Knowledge of personal costs had a large affect on support for reforms, but some types of reforms still were favored by a majority.

Faculty Affiliates Kessler and Brady investigated how knowledge of the personal cost of healthcare reform affects consumers’ decisions to support specific reforms

HEALTH CARE REFORM – PUBLIC SUPPORT AND PERSONAL COSTS
Daniel Kessler
– David S. and Ann M. Barlow Professor and Senior Fellow at the Hoover Institution, and Professor, by Courtesy on Health Research Policy and Law, Stanford University
David Brady – Bowen H. & Janice Arthur McCoy Professor in Leadership Values; Professor of Political Science; Senior Fellow, the Hoover Institution, Stanford University

Access to healthcare has been a hot topic in the news, but does the public understand what health care access means for their personal finances?
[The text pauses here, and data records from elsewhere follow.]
theorem theorem6p1:
  fixes u1 u2 u3 u4 \<alpha> \<beta> x y :: "'a::field_char_0"
  assumes "x + y = u3 + u4" and "x * y = u1 * u2"
  shows "Ppoly n u1 u2 u3 u4 \<alpha> \<beta> =
    (\<Sum>k=0..n. of_nat (n choose k) * Apoly k x y ((\<alpha> + \<beta>) / 2) ((\<alpha> + \<beta>) / 2)
       * ((\<beta> - \<alpha>) ^ (n - k) * (u3 - u4) ^ (n - k) / 2 ^ (n - k)))"
proof -
  define c where "c = (\<alpha> + \<beta>) / 2"
  define d where "d = (\<beta> - \<alpha>) / 2"
  have "\<alpha> = c - d" "\<beta> = c + d" by (simp_all add: c_def d_def field_simps)
  then have "Ppoly n u1 u2 u3 u4 \<alpha> \<beta>
      = (\<Sum>k\<le>n. of_nat (n choose k) * (d * (u3 - u4)) ^ (n - k) * Apoly k x y c c)"
    by (simp add: Ppoly_eq_sym_step Apoly_eq_sym_step assms)
  also have "\<dots> = (\<Sum>k=0..n. of_nat (n choose k) * Apoly k x y c c
       * ((\<beta> - \<alpha>) ^ (n - k) * (u3 - u4) ^ (n - k) / 2 ^ (n - k)))"
    by (simp add: atLeast0AtMost d_def power_mult_distrib power_divide mult_ac)
  finally show ?thesis unfolding c_def .
qed

end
Faculty Affiliates Kessler and Brady investigated how knowledge of the personal cost of healthcare reform affects consumers’ decisions to support specific reforms. Kessler and Brady designed a survey that incorporated the respondents’ income level into a calculation that estimated the cost of reforms to that individual – described as an increase to their income tax. As a result, participants with higher income levels were asked to pay more for the reforms than lower income respondents, which is likely how actual reforms would be implemented. The results indicated that the public’s view of healthcare reform may be more nuanced than portrayed in the news. Knowledge of personal costs had a large affect on support for reforms, but some types of reforms still were favored by a majority.